One strategy was to visualize this change in the midst of a crisis is to reflect on the following illustration. Pre-pandemic, things were like the lower left corner of this painting, largely ordered although certainly not homogeneous. During the pandemic, things changed, and the usual rules and formats and engagement changed and we became disordered in a sense. The order pre-pandemic was disrupted. We needed professors to change; we needed students to change; we needed institutions to change. And the changes were made as we went. We built the education plane as it was flying.

What does this all mean?

We need to identify the positives that occurred in education during the pandemic. Then we need to find ways to share these positives so they can be replicated and scaled. And we need to develop stickiness— how to make change last and endure so that we can see long-term improvement. Now, stickiness is tricky; how we can make social change is a topic worthy of future discussion.

As I reflect on the positive changes engendered by the pandemic, I am struck by the statement that accompanies an ancient Japanese form of pottery repair named Kintsugi. The broken shards are pieced together with gold and then it is said, “More Beautiful for Being Broken.”

In a very real way, inspired by Kintsugi, we need to make peace with the pieces the pandemic left behind and gather the positive shards and allow them to be part of education moving forward. This following illustration that I created is an effort to speak to the beauty that can be found if we piece together what is broken. And, by analogy, so it is with education.
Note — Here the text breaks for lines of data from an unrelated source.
(* Let $c^1,\dots,c^n$ be a lattice basis of $\mathbb{Z}^n$, $K=\{x\in\mathbb{R}^n: c^ix\ge0,\ i=1,\dots,n\}$, and $\bar x\in K\cap\mathbb{Z}^n\setminus\{0\}$. Then $$Q(\bar x)=\Big\{x\in\mathbb{R}^n:\ c^ix\ge0\ (i=1,\dots,n),\ \ \sum_{i=1}^k d^k_i c^ix\ge\sum_{i=1}^k d^k_i c^i\bar x\ (k=1,\dots,n)\Big\}.$$
   Context: A lattice basis of $\mathbb{Z}^n$ is a set of $n$ linearly independent vectors $c^1,\dots,c^n\in\mathbb{Z}^n$ such that every $v\in\mathbb{Z}^n$ equals $\sum_i\lambda_ic^i$ with all $\lambda_i\in\mathbb{Z}$. Lexicographic order: $x\prec y$ iff $x\ne y$ and $c^ix<c^iy$ for the smallest index $i$ with $c^ix\ne c^iy$. $Q(\bar x):=\operatorname{conv}\{x\in K\cap\mathbb{Z}^n: x\succeq\bar x\}$. For $k\in\{1,\dots,n\}$, $i\in\{1,\dots,k\}$: $d^k_k=1$; $d^k_{k-1}=c^k\bar x$ (if $k\ge2$); $d^k_i=c^k\bar x\prod_{j=i+1}^{k-1}(c^j\bar x+1)$ for $i\le k-2$. The inequality $\sum_{i=1}^k d^k_ic^ix\ge\sum_{i=1}^k d^k_ic^i\bar x$ is the $k$-th lex-cut associated with $\bar x$. *)

theory Defs
  imports "HOL-Analysis.Analysis"
begin

text \<open>Vectors of R^n are elements of real^'n, where the index type 'n is finite and
  linearly ordered (the order gives the numbering 1..n of coordinates and of basis vectors).\<close>

definition int_vec :: "real^'n \<Rightarrow> bool" where
  "int_vec v \<longleftrightarrow> (\<forall>j. v $ j \<in> \<int>)"

definition lattice_basis :: "('n::finite \<Rightarrow> real^'n) \<Rightarrow> bool" where
  "lattice_basis c \<longleftrightarrow>
     (\<forall>i. int_vec (c i)) \<and> inj c \<and> independent (range c) \<and>
     (\<forall>v. int_vec v \<longrightarrow> (\<exists>l. (\<forall>i. l i \<in> \<int>) \<and> v = (\<Sum>i\<in>UNIV. l i *\<^sub>R c i)))"

definition lex_less :: "(('n::{finite,linorder}) \<Rightarrow> real^('n::{finite,linorder})) \<Rightarrow> real^('n::{finite,linorder}) \<Rightarrow> real^('n::{finite,linorder}) \<Rightarrow> bool" where
  "lex_less c x y \<longleftrightarrow> x \<noteq> y \<and>
     (\<exists>i. c i \<bullet> x \<noteq> c i \<bullet> y \<and> (\<forall>j<i. c j \<bullet> x = c j \<bullet> y) \<and> c i \<bullet> x < c i \<bullet> y)"

definition lex_le :: "(('n::{finite,linorder}) \<Rightarrow> real^('n::{finite,linorder})) \<Rightarrow> real^('n::{finite,linorder}) \<Rightarrow> real^('n::{finite,linorder}) \<Rightarrow> bool" where
  "lex_le c x y \<longleftrightarrow> x = y \<or> lex_less c x y"

definition Q :: "(('n::{finite,linorder}) \<Rightarrow> real^('n::{finite,linorder})) \<Rightarrow> (real^('n::{finite,linorder})) set \<Rightarrow> real^('n::{finite,linorder}) \<Rightarrow> (real^('n::{finite,linorder})) set" where
  "Q c K xbar = convex hull {x \<in> K. int_vec x \<and> lex_le c xbar x}"

text \<open>Coefficients d^k_i (meaningful for i <= k): d^k_k = 1, and for i < k
  d^k_i = c^k xbar * prod_{i<j<k} (c^j xbar + 1); for i = k-1 the product is empty,
  giving d^k_{k-1} = c^k xbar.\<close>
definition lexd :: "(('n::{finite,linorder}) \<Rightarrow> real^('n::{finite,linorder})) \<Rightarrow> real^('n::{finite,linorder}) \<Rightarrow> 'n \<Rightarrow> 'n \<Rightarrow> real" where
  "lexd c xbar k i = (if i = k then 1
      else (c k \<bullet> xbar) * (\<Prod>j\<in>{i<..<k}. (c j \<bullet> xbar + 1)))"

end

(*
  Passing to the coordinates y_i = c^i x, which for a lattice basis is a linear bijection
  preserving integrality in both directions, K becomes the nonnegative orthant and the
  lexicographic order becomes the coordinatewise one; write y for the image of xbar.

  For i < k the cut coefficients telescope: d^k_i = sum_{i<j<=k} d^k_j y_j.  Hence every cut
  is valid for an integer point z >= 0 that is lexicographically larger than y: at the first
  index i with z_i > y_i it gains at least d^k_i, and afterwards it loses at most
  sum_{i<j<=k} d^k_j y_j = d^k_i.

  Conversely let z satisfy the cuts, z <> y, with first difference at index m.  The m-th cut
  gives t = z_m - y_m > 0.  The integer point v = (y_1, ..., y_{m-1}, y_m + 1, 0, ..., 0) lies
  in the hull.  If t >= 1 then z - v >= 0, and the hull is closed under adding nonnegative
  vectors because the lexicographically larger integer points are closed under adding
  nonnegative integer vectors.  If t < 1 then z = t v + (1 - t) z', where z' agrees with y up
  to index m and again satisfies all cuts (by the telescoping identity), so z' lies in the
  hull by induction on the length of the common prefix of z and y.
*)
theory Submission
  imports Defs
begin

lemma prod_add_one_eq_sum:
  fixes a :: "'a::linorder \<Rightarrow> 'b::comm_ring_1"
  assumes "finite A"
  shows "(\<Prod>j\<in>A. a j + 1) = 1 + (\<Sum>j\<in>A. a j * (\<Prod>l\<in>{l\<in>A. j < l}. a l + 1))"
  using assms
proof (induction A rule: finite_linorder_min_induct)
  case empty
  then show ?case by simp
next
  case (insert b A)
  have above_b: "{l\<in>insert b A. b < l} = A"
    using insert.hyps by auto
  have above_j: "{l\<in>insert b A. j < l} = {l\<in>A. j < l}" if "j \<in> A" for j
    using insert.hyps that by auto
  have "b \<notin> A"
    using insert.hyps by auto
  then have "(\<Prod>j\<in>insert b A. a j + 1) = a b * (\<Prod>j\<in>A. a j + 1) + (\<Prod>j\<in>A. a j + 1)"
    using insert.hyps by (simp add: algebra_simps)
  also have "\<dots> = 1 + (\<Sum>j\<in>insert b A. a j * (\<Prod>l\<in>{l\<in>insert b A. j < l}. a l + 1))"
    using insert \<open>b \<notin> A\<close> above_b above_j by (simp add: algebra_simps)
  finally show ?case .
qed

lemma sum_atMost_split:
  fixes f :: "'a::{finite,linorder} \<Rightarrow> 'b::comm_monoid_add"
  assumes "i \<le> k"
  shows "(\<Sum>j\<in>{..k}. f j) = (\<Sum>j\<in>{..<i}. f j) + f i + (\<Sum>j\<in>{i<..k}. f j)"
proof -
  have "{..k} = {..<i} \<union> insert i {i<..k}" "{..<i} \<inter> insert i {i<..k} = {}"
    using assms by auto
  then show ?thesis
    by (simp add: sum.union_disjoint add_ac)
qed

definition cut_coeff :: "real^('n::{finite,linorder}) \<Rightarrow> 'n \<Rightarrow> 'n \<Rightarrow> real" where
  "cut_coeff y k i = (if i = k then 1 else y$k * (\<Prod>j\<in>{i<..<k}. y$j + 1))"

lemma cut_coeff_nonneg: "(\<And>i. 0 \<le> y$i) \<Longrightarrow> 0 \<le> cut_coeff y k i"
  unfolding cut_coeff_def by (auto intro!: prod_nonneg mult_nonneg_nonneg)

lemma cut_coeff_telescope:
  assumes "i < k"
  shows "cut_coeff y k i = (\<Sum>j\<in>{i<..k}. cut_coeff y k j * y$j)"
proof -
  have middle: "(\<Sum>j\<in>{i<..<k}. cut_coeff y k j * y$j)
      = (\<Sum>j\<in>{i<..<k}. y$j * (\<Prod>l\<in>{l\<in>{i<..<k}. j < l}. y$l + 1)) * y$k"
    unfolding sum_distrib_right
  proof (rule sum.cong)
    fix j assume j: "j \<in> {i<..<k}"
    then have "{l\<in>{i<..<k}. j < l} = {j<..<k}"
      by auto
    then show "cut_coeff y k j * y$j = y$j * (\<Prod>l\<in>{l\<in>{i<..<k}. j < l}. y$l + 1) * y$k"
      using j by (simp add: cut_coeff_def less_imp_neq)
  qed simp
  have "cut_coeff y k i = y$k * (\<Prod>j\<in>{i<..<k}. y$j + 1)"
    using assms by (simp add: cut_coeff_def)
  also have "\<dots> = y$k * (1 + (\<Sum>j\<in>{i<..<k}. y$j * (\<Prod>l\<in>{l\<in>{i<..<k}. j < l}. y$l + 1)))"
    using prod_add_one_eq_sum[of "{i<..<k}" "\<lambda>j. y$j"] by simp
  also have "\<dots> = (\<Sum>j\<in>insert k {i<..<k}. cut_coeff y k j * y$j)"
    using middle by (simp add: cut_coeff_def algebra_simps)
  also have "insert k {i<..<k} = {i<..k}"
    using assms by auto
  finally show ?thesis .
qed

lemma cut_coeff_tail_le:
  assumes "i \<le> k"
  shows "(\<Sum>j\<in>{i<..k}. cut_coeff y k j * y$j) \<le> cut_coeff y k i"
  using assms cut_coeff_telescope[of i k y] by (cases "i = k") (auto simp: cut_coeff_def)

definition lex_le_vec :: "real^('n::{finite,linorder}) \<Rightarrow> real^('n::{finite,linorder}) \<Rightarrow> bool" where
  "lex_le_vec a b \<longleftrightarrow> a = b \<or> (\<exists>i. a$i < b$i \<and> (\<forall>j<i. a$j = b$j))"

definition lex_points :: "real^('n::{finite,linorder}) \<Rightarrow> (real^('n::{finite,linorder})) set" where
  "lex_points y = {z. (\<forall>i. 0 \<le> z$i) \<and> int_vec z \<and> lex_le_vec y z}"

definition cut_polyhedron :: "real^('n::{finite,linorder}) \<Rightarrow> (real^('n::{finite,linorder})) set" where
  "cut_polyhedron y = {z. (\<forall>i. 0 \<le> z$i) \<and>
     (\<forall>k. (\<Sum>i\<in>{..k}. cut_coeff y k i * y$i) \<le> (\<Sum>i\<in>{..k}. cut_coeff y k i * z$i))}"

lemma lex_cut_valid:
  assumes y: "\<And>i. 0 \<le> y$i" "int_vec y" and z: "\<And>i. 0 \<le> z$i" "int_vec z"
    and less: "y$i < z$i" and agree: "\<forall>j<i. y$j = z$j"
  shows "(\<Sum>j\<in>{..k}. cut_coeff y k j * y$j) \<le> (\<Sum>j\<in>{..k}. cut_coeff y k j * z$j)"
proof -
  define f where "f j = cut_coeff y k j * (z$j - y$j)" for j
  have "0 \<le> (\<Sum>j\<in>{..k}. f j)"
  proof (cases "k < i")
    case True
    then show ?thesis
      using agree by (simp add: f_def)
  next
    case False
    then have "i \<le> k" by simp
    have "z$i - y$i \<in> \<int>"
      using y(2) z(2) by (simp add: int_vec_def Ints_diff)
    then have "1 \<le> z$i - y$i"
      using less Ints_nonzero_abs_ge1[of "z$i - y$i"] by simp
    then have "cut_coeff y k i \<le> f i"
      unfolding f_def using mult_left_mono[OF _ cut_coeff_nonneg[OF y(1)]] by force
    moreover have "- cut_coeff y k i \<le> (\<Sum>j\<in>{i<..k}. f j)"
    proof -
      have "(\<Sum>j\<in>{i<..k}. - (cut_coeff y k j * y$j)) \<le> (\<Sum>j\<in>{i<..k}. f j)"
        unfolding f_def
        by (intro sum_mono) (simp add: algebra_simps cut_coeff_nonneg y(1) z(1))
      then show ?thesis
        using cut_coeff_tail_le[OF \<open>i \<le> k\<close>, of y] by (simp add: sum_negf)
    qed
    moreover have "(\<Sum>j\<in>{..<i}. f j) = 0"
      using agree by (simp add: f_def)
    ultimately show ?thesis
      using sum_atMost_split[OF \<open>i \<le> k\<close>, of f] by linarith
  qed
  then show ?thesis
    by (simp add: f_def sum_subtractf algebra_simps)
qed

lemma lex_points_subset_cut_polyhedron:
  assumes "\<And>i. 0 \<le> y$i" "int_vec y"
  shows "lex_points y \<subseteq> cut_polyhedron y"
  using lex_cut_valid[OF assms] by (fastforce simp: lex_points_def cut_polyhedron_def lex_le_vec_def)

lemma convex_cut_polyhedron: "convex (cut_polyhedron y)"
proof -
  have linear_sum: "linear (\<lambda>z::real^'n. \<Sum>i\<in>I. a i * z$i)" for a I
    by (rule linearI) (simp_all add: sum.distrib sum_distrib_left algebra_simps)
  have "cut_polyhedron y = (\<Inter>i. (\<lambda>z. z$i) -` {0..}) \<inter>
      (\<Inter>k. (\<lambda>z. \<Sum>i\<in>{..k}. cut_coeff y k i * z$i) -` {(\<Sum>i\<in>{..k}. cut_coeff y k i * y$i)..})"
    unfolding cut_polyhedron_def by auto
  also have "convex \<dots>"
    using linear_sum[of "\<lambda>j. if j = i then 1 else 0" "{i}" for i]
    by (intro convex_Int convex_INT convex_linear_vimage linear_sum convex_real_interval) simp_all
  finally show ?thesis .
qed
With the Kintsugi philosophy in mind, here is what I see. I see that positive change happened in higher education during the pandemic, and for complex reasons, we have largely ignored it. Instead, we are enamored with the negatives the pandemic produced, which are plentiful to be sure.

We would be wise to look at the positives, some of which were detailed above, that occurred–within and outside individual classrooms and within the higher education community. And we can then name what happened during the pandemic us to move forward. If we do this, we can use what we did to better education for our students today and tomorrow.

A crisis created opportunity for change. Let’s not let that opportunity go to waste to play off a hackneyed phrase. That, at the end of the day, is my hope. And it is not chimerical hope. It is hope grounded in this reality: if we are willing to work to acknowledge and then use the positive change we created, we can improve higher education.

Karen Gross is former president of Southern Vermont College and senior policy advisor to the U.S. Department of Education. She specializes in student success and trauma across the educational landscape and teaches at the Rutgers School of Social Work. Her most recent book, Trauma Doesn’t Stop at the School Door: Solutions and Strategies for Educators, PreK-College, was released in June 2020 by Columbia Teachers College Press and was the winner of the Delta Kappa Gamma Educator’s Book of the Year award. All artwork in this piece is by Karen Gross.

Author’s note: I have written for The New England Journal of Higher Education for over 15 years. All the pieces I have written have been shepherded through the publication process by John Harney. Even when my ideas were outside the proverbial box, his questions and editing suggestions were spot on and thoughtful and supportive. I know he is retiring. This essay is dedicated to him, because not only is it out of the box, but I wanted one last opportunity to share my thoughts with him and garner his valuable feedback. So, this essay is my thank-you to a marvelous editor who allowed my voice to be heard.